I have several mentors who I look to for guidance and advice on how to live my best life and be my best self. I love these people dearly and I trust their opinions (because they actually have results that I want).
But this year, I’ve had to stop following most of them.
One mentor in particular especially. Not because she isn’t totally freaking amazing–she is.
I had to stop following her (and all the others) because I was starting to hear her voice in my head too much. I was starting to judge myself based on what I thought she’d say about what I was doing or not doing. Her priorities in life and business were starting to encroach on mine.
I was starting to live and create her life instead of my own.
I think we do that a lot with mentors and people we admire. We think they have it all figured out and so we should follow them or do whatever they do or whatever they tell us we should do.
The problem is, no matter how badass these mentors and coaches are, they’re still not YOU. And they never will be.
So they can give you advice and tell you how you should be living your life or what you should be focused on every day in your business, but even if all that advice and guidance is sound, it’s still not always going to be right for you.
Only YOU know what’s best for you.
That’s what I’ve started to realize this year, as I’ve removed the mentors and people I admire from my social feeds and email inbox.
I’m not gonna lie–these people definitely trigger me sometimes (in a good way). I can admit that.
But the bigger reason I had to take a step back from following mentors and being coached by other people is because I was starting to lose myself in them. I was starting to judge myself and compare myself way too much. I was constantly feeling like I was falling short.
And that ain’t healthy.
Before you freak out, I’m not knocking mentors or coaches. I am one myself. And I think the work I do and others do is really important.
But I also think it’s important for us to know ourselves and know what’s best for us, regardless of what a mentor or coach or someone we admire says should be.
That is the toughest part because it requires you to trust yourself. Like, massively trust yourself.
To trust yourself MORE than you trust the advice, guidance and opinions of your mentors, coaches and/or people who you admire. And that’s not easy to do.
Self-trust isn’t something we’re taught. Really, we’re taught the opposite.
We’re taught to seek out other people’s opinions or guidance. We’re taught to follow those who have what we want. We’re taught to do things the way other people are doing them.
And this programming from the outside world is causing you to lose faith in yourself and in what you know.
But the truth is, you actually can trust yourself.
You know way more than you think you do and way more than you give yourself credit for. All of the answers you need for everything are already inside you.
You must tap into your inner knowing and then learn to trust that more than you trust the voices and opinions and guidance on the outside. No matter how good it might be.
I’m not saying mentors or coaches are giving you bad advice–not at all (well, maybe some of them are, but most aren’t). I’m sure all the advice you’ve gotten is sound and if you followed it, you probably would get the results that you want.
But I just want you to be aware that the more you follow other people and the more you do what they tell you to do, the further you get from trusting yourself.
You don’t need a mentor or a coach to tell you what to do or how to do it. You already know this stuff. You’re just not listening to yourself.
You’re just not trusting yourself.
Yesterday I was supposed to spend time writing a freelance article that I’m working on. But I didn’t want to. I didn’t feel like it.
And then one of my mentors’ voices popped in my head, telling me that I needed to suck it up and do the work anyhow; telling me that how I feel doesn’t really matter, it’s all about whether or not I want the result, etc.
Normally I would listen to her voice and do it anyhow, but this time I decided to ignore it. I decided to stop thinking that her way of hustling and doing business was right for me.
I decided to think for myself and trust myself.
So I didn’t do the freelance article. I did what I wanted to do instead (which, sadly, was clean out and organize the fridge and pantry at my boyfriend’s house–I’m a nerd like that, ha!).

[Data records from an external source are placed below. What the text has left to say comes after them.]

lemma feedback_eigenvector_trivial:
  fixes A :: "real^'n^'n" and u :: "'n \<Rightarrow> complex"
  assumes "metzler A" "hurwitz A" "0 \<le> kz" "0 < km" "0 < az" "0 \<le> Re lam"
    and E1: "\<And>i. (\<Sum>l\<in>UNIV. of_real (A $ i $ l) * u l)
                 = lam * u i + (if i = j then of_real kz * u j + of_real km * z else 0)"
    and E2: "of_real az * u j = lam * z"
  shows "u = (\<lambda>_. 0)" "z = 0"
proof -
  obtain p q :: "real^'n" where p: "\<And>i. 0 < p $ i" and q: "\<And>i. 0 < q $ i"
    and "A *v p = - 1" "q v* A = - 1"
    using metzler_hurwitz_positive_vectors[OF assms(1,2)] by blast
  define d where "d i = q $ i / p $ i" for i
  have "0 < d i" for i using p q by (simp add: d_def)
  have coupling: "0 \<le> Re (cnj (u j) * z)"
    using Re_cnj_mult_nonneg_eigen[OF \<open>0 < az\<close> \<open>0 \<le> Re lam\<close> E2] .
  \<comment> \<open>Pair the first equation with D u, D = diag d.\<close>
  have "(\<Sum>i\<in>UNIV. \<Sum>l\<in>UNIV. d i * A $ i $ l * Re (cnj (u i) * u l))
      = (\<Sum>i\<in>UNIV. d i * Re (cnj (u i) * (\<Sum>l\<in>UNIV. of_real (A $ i $ l) * u l)))"
    by (simp add: sum_distrib_left Re_sum algebra_simps)
  also have "\<dots> = (\<Sum>i\<in>UNIV. Re lam * (d i * cmod (u i) ^ 2)
                      + (if i = j then d j * (kz * cmod (u j) ^ 2 + km * Re (cnj (u j) * z)) else 0))"
    unfolding E1 cmod_power2 by (intro sum.cong refl) (simp add: power2_eq_square algebra_simps)
  also have "\<dots> = Re lam * (\<Sum>i\<in>UNIV. d i * cmod (u i) ^ 2)
                   + d j * (kz * cmod (u j) ^ 2 + km * Re (cnj (u j) * z))"
    by (simp add: sum.distrib sum_distrib_left)
  also have "\<dots> \<ge> 0"
    using \<open>\<And>i. 0 < d i\<close> assms(3,4,6) coupling
    by (intro add_nonneg_nonneg mult_nonneg_nonneg sum_nonneg) (auto simp: less_imp_le)
  finally have "0 \<le> (\<Sum>i\<in>UNIV. \<Sum>l\<in>UNIV. d i * A $ i $ l * Re (cnj (u i) * u l))" .
  then have "(\<Sum>i\<in>UNIV. (p $ i + q $ i) * (cmod (u i) / p $ i) ^ 2) \<le> 0"
    using metzler_weighted_form_bound[OF assms(1) p q \<open>A *v p = - 1\<close> \<open>q v* A = - 1\<close>, of u]
    by (simp add: d_def)
  moreover have "0 \<le> (p $ i + q $ i) * (cmod (u i) / p $ i) ^ 2" for i
    using p[of i] q[of i] by simp
  ultimately have "(p $ i + q $ i) * (cmod (u i) / p $ i) ^ 2 = 0" for i
    using sum_nonneg_eq_0_iff[of UNIV "\<lambda>i. (p $ i + q $ i) * (cmod (u i) / p $ i) ^ 2"]
    by (simp add: order_antisym sum_nonneg)
  then have "u i = 0" for i
    using p[of i] q[of i] by (metis add_pos_pos divide_eq_0_iff mult_eq_0_iff norm_eq_zero
        order_less_irrefl power_eq_0_iff)
  then show u0: "u = (\<lambda>_. 0)" by blast
  show "z = 0" using E1[of j] \<open>0 < km\<close> by (simp add: u0)
qed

And I ended up receiving an unexpected payment while I was doing what I wanted to do. Basically, I got paid to have fun nerding out and organizing the fridge and pantry.
Weird, right?
Yet somehow in our desire to succeed and achieve our goals and dreams, we forget how things really work.

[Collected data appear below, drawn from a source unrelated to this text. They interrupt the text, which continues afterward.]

lemma lin_cond_var_eq:
  assumes "0 < L"
  shows "lin_cond_var lam \<mu>0 \<mu>1 \<sigma> c L
    = 2 * (\<integral>\<omega>. of_bool (fst (\<omega> 0) = c) * (norm (T_lin lam \<mu>0 \<mu>1 L (\<lambda>k. snd (\<omega> k)) 0))\<^sup>2 \<partial>PiM {..<L} (\<lambda>_. M))
      - (norm (2 *\<^sub>R (\<integral>\<omega>. of_bool (fst (\<omega> 0) = c) *\<^sub>R T_lin lam \<mu>0 \<mu>1 L (\<lambda>k. snd (\<omega> k)) 0 \<partial>PiM {..<L} (\<lambda>_. M))))\<^sup>2"
proof -
  define P where "P = PiM {..<L} (\<lambda>_. M)"
  define A where "A = {\<omega> \<in> space P. fst (\<omega> 0) = c}"
  define T where "T \<omega> = T_lin lam \<mu>0 \<mu>1 L (\<lambda>k. snd (\<omega> k)) 0" for \<omega> :: "nat \<Rightarrow> bool \<times> (real^'n)"
  note event = label_event[OF assms, where c = c, folded P_def, folded A_def]
  have cond_exp: "cond_exp_event P A f = 2 *\<^sub>R (\<integral>\<omega>. of_bool (fst (\<omega> 0) = c) *\<^sub>R f \<omega> \<partial>P)"
    for f :: "_ \<Rightarrow> 'b::{banach, second_countable_topology}"
    unfolding cond_exp_event_def event(2) by (simp add: event(3) cong: Bochner_Integration.integral_cong)
  have "integrable P (\<lambda>\<omega>. indicator A \<omega> *\<^sub>R T \<omega>) = integrable P (\<lambda>\<omega>. of_bool (fst (\<omega> 0) = c) *\<^sub>R T \<omega>)"
    by (rule Bochner_Integration.integrable_cong[OF refl]) (simp add: event(3))
  moreover have "integrable P (\<lambda>\<omega>. indicator A \<omega> * (norm (T \<omega>))\<^sup>2)
      = integrable P (\<lambda>\<omega>. of_bool (fst (\<omega> 0) = c) * (norm (T \<omega>))\<^sup>2)"
    by (rule Bochner_Integration.integrable_cong[OF refl]) (simp add: event(3))
  ultimately
  have "integrable P (\<lambda>\<omega>. indicator A \<omega> *\<^sub>R T \<omega>)" "integrable P (\<lambda>\<omega>. indicator A \<omega> * (norm (T \<omega>))\<^sup>2)"
    using integral_label_T_lin(1)[OF assms, where c = c and lam = lam]
      integral_label_norm_T_lin_sq(1)[OF assms, where c = c and lam = lam]
    by (simp_all add: P_def T_def)
  moreover have "finite_measure P"
    unfolding P_def by (intro prob_space.finite_measure prob_space_PiM prob_space_sample_M)
  ultimately have "cond_var_event P A T = cond_exp_event P A (\<lambda>\<omega>. (norm (T \<omega>))\<^sup>2) - (norm (cond_exp_event P A T))\<^sup>2"
    using event(1,2) by (intro cond_var_event_eq) simp_all
  then show ?thesis
    unfolding lin_cond_var_def seq_M_def P_def[symmetric] A_def[symmetric] T_def[symmetric]
    by (simp add: cond_exp)
qed

lemma lin_cond_var_tendsto:
  "(\<lambda>L. lin_cond_var lam \<mu>0 \<mu>1 \<sigma> c L) \<longlonglongrightarrow> 2 * lam\<^sup>2 * \<sigma>\<^sup>2 * (1 + 2 * \<sigma>\<^sup>2)\<^sup>2"
proof -
  define K where "K = 1/2 + \<sigma>\<^sup>2"
  define W where "W = (\<integral>p. poly_weight (snd p) \<partial>M)"
  define I1 where "I1 L = (\<integral>\<omega>. of_bool (fst (\<omega> 0) = c) *\<^sub>R T_lin lam \<mu>0 \<mu>1 L (\<lambda>k. snd (\<omega> k)) 0 \<partial>PiM {..<L} (\<lambda>_. M))"
    for L
  define I2 where "I2 L = (\<integral>\<omega>. of_bool (fst (\<omega> 0) = c) * (norm (T_lin lam \<mu>0 \<mu>1 L (\<lambda>k. snd (\<omega> k)) 0))\<^sup>2
      \<partial>PiM {..<L} (\<lambda>_. M))" for L
  have "I1 \<longlonglongrightarrow> (lam * K) *\<^sub>R mean c"
  proof (rule tendsto_of_norm_diff_le_inverse)
    fix L :: nat
    assume "1 \<le> L"
    then show "norm (I1 L - (lam * K) *\<^sub>R mean c) \<le> (2 * \<bar>lam\<bar> * (3 * W) + \<bar>lam * K\<bar>) / real L"
      using integral_label_T_lin(2)[where L = L and c = c and lam = lam] by (simp add: I1_def K_def W_def)
  qed
  moreover have "I2 \<longlonglongrightarrow> 4 * lam\<^sup>2 * K ^ 3"
  proof (rule tendsto_of_norm_diff_le_inverse)
    fix L :: nat
    assume "1 \<le> L"
    then show "norm (I2 L - 4 * lam\<^sup>2 * K ^ 3) \<le> 4 * lam\<^sup>2 * (3 * (3 * 4 * W + \<bar>K ^ 3\<bar>)) / real L"
      using integral_label_norm_T_lin_sq(2)[where L = L and c = c and lam = lam] by (simp add: I2_def K_def W_def)
  qed
  ultimately have "(\<lambda>L. 2 * I2 L - (norm (2 *\<^sub>R I1 L))\<^sup>2)
      \<longlonglongrightarrow> 2 * (4 * lam\<^sup>2 * K ^ 3) - (norm (2 *\<^sub>R ((lam * K) *\<^sub>R mean c)))\<^sup>2"
    by (intro tendsto_intros)
  moreover have "2 * (4 * lam\<^sup>2 * K ^ 3) - (norm (2 *\<^sub>R ((lam * K) *\<^sub>R mean c)))\<^sup>2
      = 2 * lam\<^sup>2 * \<sigma>\<^sup>2 * (1 + 2 * \<sigma>\<^sup>2)\<^sup>2"
    by (simp add: norm_mean K_def power2_eq_square power3_eq_cube field_simps)
  moreover have "\<forall>\<^sub>F L in sequentially. 2 * I2 L - (norm (2 *\<^sub>R I1 L))\<^sup>2 = lin_cond_var lam \<mu>0 \<mu>1 \<sigma> c L"
    by (intro eventually_sequentiallyI[of 1]) (simp add: lin_cond_var_eq I1_def I2_def)
  ultimately show ?thesis
    using Lim_transform_eventually by fastforce
qed

lemma asymptotic_loss_optimal: "asymptotic_loss (1 / (1 + 2 * \<sigma>\<^sup>2)) = \<sigma>\<^sup>2 * (real CARD('n) - 2)"
proof -
  define x where "x = 1 + 2 * \<sigma>\<^sup>2"
  have "x \<noteq> 0"
    using zero_le_power2[of \<sigma>] unfolding x_def by linarith
  have "1/2 + \<sigma>\<^sup>2 = x / 2"
    by (simp add: x_def)
  then have "asymptotic_loss (1 / x) = 1 + real CARD('n) * \<sigma>\<^sup>2 - 8 * (1 / x) * (x / 2)\<^sup>2 + 8 * (1 / x)\<^sup>2 * (x / 2) ^ 3"
    by (simp only: asymptotic_loss_def)
  also have "\<dots> = 1 + real CARD('n) * \<sigma>\<^sup>2 - 2 * x + x"
    using \<open>x \<noteq> 0\<close> by (simp add: power2_eq_square power3_eq_cube field_simps)
  finally show ?thesis
    by (simp add: x_def algebra_simps)
qed

end

theorem proposition4:
  fixes \<mu>0 \<mu>1 :: "real^'n" and \<sigma> :: real
  assumes "CARD('n) \<ge> 2"
    and "\<sigma> > 0"
    and "norm \<mu>0 = 1" and "norm \<mu>1 = 1" and "\<mu>0 \<bullet> \<mu>1 = 0"
  shows "(\<lambda>L. lin_loss ((1 + 4*\<sigma>^2 + 4*\<sigma>^4) / (1 + 6*\<sigma>^2 + 12*\<sigma>^4 + 8*\<sigma>^6))
              \<mu>0 \<mu>1 \<sigma> L) \<longlonglongrightarrow> \<sigma>^2 * (real CARD('n) - 2)
    \<and> (\<forall>lam>0. \<forall>c::bool. (\<lambda>L. lin_cond_var lam \<mu>0 \<mu>1 \<sigma> c L)
           \<longlonglongrightarrow> 2 * lam^2 * \<sigma>^2 * (1 + 2*\<sigma>^2)^2)"
proof -
  interpret orthonormal_gaussian_mixture \<mu>0 \<mu>1 \<sigma>
    using assms by unfold_locales auto
  have "1 + 4*\<sigma>^2 + 4*\<sigma>^4 = (1 + 2 * \<sigma>\<^sup>2)\<^sup>2" "1 + 6*\<sigma>^2 + 12*\<sigma>^4 + 8*\<sigma>^6 = (1 + 2 * \<sigma>\<^sup>2) ^ 3"
    by (simp_all add: power2_eq_square power3_eq_cube algebra_simps eval_nat_numeral)
  then have "(1 + 4*\<sigma>^2 + 4*\<sigma>^4) / (1 + 6*\<sigma>^2 + 12*\<sigma>^4 + 8*\<sigma>^6) = (1 + 2 * \<sigma>\<^sup>2)\<^sup>2 / (1 + 2 * \<sigma>\<^sup>2) ^ 3"
    by simp
  also have "\<dots> = 1 / (1 + 2 * \<sigma>\<^sup>2)"
    by (simp add: power2_eq_square power3_eq_cube)
  finally have lam: "(1 + 4*\<sigma>^2 + 4*\<sigma>^4) / (1 + 6*\<sigma>^2 + 12*\<sigma>^4 + 8*\<sigma>^6) = 1 / (1 + 2 * \<sigma>\<^sup>2)" .
  have "(\<lambda>L. lin_loss (1 / (1 + 2 * \<sigma>\<^sup>2)) \<mu>0 \<mu>1 \<sigma> L) \<longlonglongrightarrow> \<sigma>\<^sup>2 * (real CARD('n) - 2)"
    using lin_loss_tendsto[of "1 / (1 + 2 * \<sigma>\<^sup>2)"] by (simp only: asymptotic_loss_optimal)
  then show ?thesis
    unfolding lam using lin_cond_var_tendsto by blast
qed

end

We buy into other people’s beliefs of what you should be doing every day or how you should be spending your time. We convince ourselves that if we just follow the step-by-step plan our mentors laid out for us we’ll become successful and then be able to do whatever we want.
We falsely believe that happiness and getting to spend our time doing whatever we want will come after we create the success and receive the money.
But the real truth is, it’s being happy and doing whatever you want that actually brings the success and the money because feeling good is the point and the path.
Which means if I had listened to my mentor’s voice in my head and forced myself to write the freelance article anyhow, not only wouldn’t I have received that unexpected payment, but I wouldn’t have felt very good either. And that won’t align me with the results I want anyhow.
The path to everything you desire is the feel-good path.
Always. Always. Always.
And only YOU know what feels good to you.
Which means it’s time to start trusting yourself MORE than you trust the voices and opinions of everyone else outside of you. It’s time to follow what feels good TO YOU.
Unless you’d rather live someone else’s life? The choice is always yours.